— DATASET EXTRACT —

(* Let $(\boldsymbol A,\mathcal S)$ be a data pair and $\boldsymbol M$, $\rho$, $d_\rho$ as in the context. Then (i) for all $z\in\mathbb H$, \[ \|\boldsymbol M(z)\|_2\le\frac{1}{d_\rho(z)},\qquad (\operatorname{Im}z)\|\boldsymbol M(z)^{-1}\|_2^{-2}\,1\le\operatorname{Im}\boldsymbol M(z)\le\frac{\operatorname{Im}z}{d_\rho(z)^2}\,1,\qquad \|\boldsymbol M(z)^{-1}\|_2\le|z|+\|\boldsymbol A\|_2+\|\mathcal S\|\,\|\boldsymbol M(z)\|_2; \] (ii) for all $z\in\mathbb H$, $\rho(z)\le\dfrac{\operatorname{Im}z}{\pi d_\rho(z)^2}$.
   Context: $\mathbb H=\{w\in\mathbb C:\operatorname{Im}w>0\}$. On $\mathbb C^{n\times n}$: $\langle\boldsymbol R,\boldsymbol T\rangle=\frac1n\operatorname{Tr}(\boldsymbol R^*\boldsymbol T)$, $\langle\boldsymbol R\rangle=\frac1n\operatorname{Tr}\boldsymbol R$, $\|\cdot\|_2$ the operator norm induced by the Euclidean norm, $\|\mathcal S\|$ the operator norm of a linear map $\mathcal S$ on $\mathbb C^{n\times n}$ induced by $\|\cdot\|_2$; inequalities between Hermitian matrices are in the positive semidefinite order. A data pair $(\boldsymbol A,\mathcal S)$: $\boldsymbol A\in\mathbb C^{n\times n}$ with $\operatorname{Im}\boldsymbol A=\frac1{2i}(\boldsymbol A-\boldsymbol A^* )\le0$, and $\mathcal S$ linear, self-adjoint w.r.t. $\langle\cdot,\cdot\rangle$, positivity preserving. $\boldsymbol M(z)$ is the unique solution of $-\boldsymbol M(z)^{-1}=z1-\boldsymbol A+\mathcal S[\boldsymbol M(z)]$ with positive definite imaginary part; it has the representation $\boldsymbol M(z)=\int\frac{\boldsymbol V(d\tau)}{\tau-z}$ with a unique positive semidefinite matrix-valued measure $\boldsymbol V$, $\boldsymbol V(\mathbb R)=1$. The self-consistent density of states is $\rho(d\tau)=\frac1n\operatorname{Tr}\boldsymbol V(d\tau)$, its harmonic extension is $\rho(z)=\frac1\pi\langle\operatorname{Im}\boldsymbol M(z)\rangle$, and $d_\rho(z)=\operatorname{dist}(z,\operatorname{supp}\rho)$. *)

theory Defs
  imports "HOL-Analysis.Analysis"
begin

(* n x n complex matrices are modelled as complex^'n^'n, with 'n a finite index type, n = CARD('n) *)

definition cscale :: "complex \<Rightarrow> complex^'n^'m \<Rightarrow> complex^'n^'m" where
  "cscale c R = (\<chi> i j. c * R$i$j)"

— TASK REQUIREMENTS —
The whole of the data is to be copied out word for word.

— ANSWER TO THE PROBLEM —
(* Let $(\boldsymbol A,\mathcal S)$ be a data pair and $\boldsymbol M$, $\rho$, $d_\rho$ as in the context. Then (i) for all $z\in\mathbb H$, \[ \|\boldsymbol M(z)\|_2\le\frac{1}{d_\rho(z)},\qquad (\operatorname{Im}z)\|\boldsymbol M(z)^{-1}\|_2^{-2}\,1\le\operatorname{Im}\boldsymbol M(z)\le\frac{\operatorname{Im}z}{d_\rho(z)^2}\,1,\qquad \|\boldsymbol M(z)^{-1}\|_2\le|z|+\|\boldsymbol A\|_2+\|\mathcal S\|\,\|\boldsymbol M(z)\|_2; \] (ii) for all $z\in\mathbb H$, $\rho(z)\le\dfrac{\operatorname{Im}z}{\pi d_\rho(z)^2}$.
   Context: $\mathbb H=\{w\in\mathbb C:\operatorname{Im}w>0\}$. On $\mathbb C^{n\times n}$: $\langle\boldsymbol R,\boldsymbol T\rangle=\frac1n\operatorname{Tr}(\boldsymbol R^*\boldsymbol T)$, $\langle\boldsymbol R\rangle=\frac1n\operatorname{Tr}\boldsymbol R$, $\|\cdot\|_2$ the operator norm induced by the Euclidean norm, $\|\mathcal S\|$ the operator norm of a linear map $\mathcal S$ on $\mathbb C^{n\times n}$ induced by $\|\cdot\|_2$; inequalities between Hermitian matrices are in the positive semidefinite order. A data pair $(\boldsymbol A,\mathcal S)$: $\boldsymbol A\in\mathbb C^{n\times n}$ with $\operatorname{Im}\boldsymbol A=\frac1{2i}(\boldsymbol A-\boldsymbol A^* )\le0$, and $\mathcal S$ linear, self-adjoint w.r.t. $\langle\cdot,\cdot\rangle$, positivity preserving. $\boldsymbol M(z)$ is the unique solution of $-\boldsymbol M(z)^{-1}=z1-\boldsymbol A+\mathcal S[\boldsymbol M(z)]$ with positive definite imaginary part; it has the representation $\boldsymbol M(z)=\int\frac{\boldsymbol V(d\tau)}{\tau-z}$ with a unique positive semidefinite matrix-valued measure $\boldsymbol V$, $\boldsymbol V(\mathbb R)=1$. The self-consistent density of states is $\rho(d\tau)=\frac1n\operatorname{Tr}\boldsymbol V(d\tau)$, its harmonic extension is $\rho(z)=\frac1\pi\langle\operatorname{Im}\boldsymbol M(z)\rangle$, and $d_\rho(z)=\operatorname{dist}(z,\operatorname{supp}\rho)$. *)

theory Defs
  imports "HOL-Analysis.Analysis"
begin

(* n x n complex matrices are modelled as complex^'n^'n, with 'n a finite index type, n = CARD('n) *)

definition cscale :: "complex \<Rightarrow> complex^'n^'m \<Rightarrow> complex^'n^'m" where
  "cscale c R = (\<chi> i j. c * R$i$j)"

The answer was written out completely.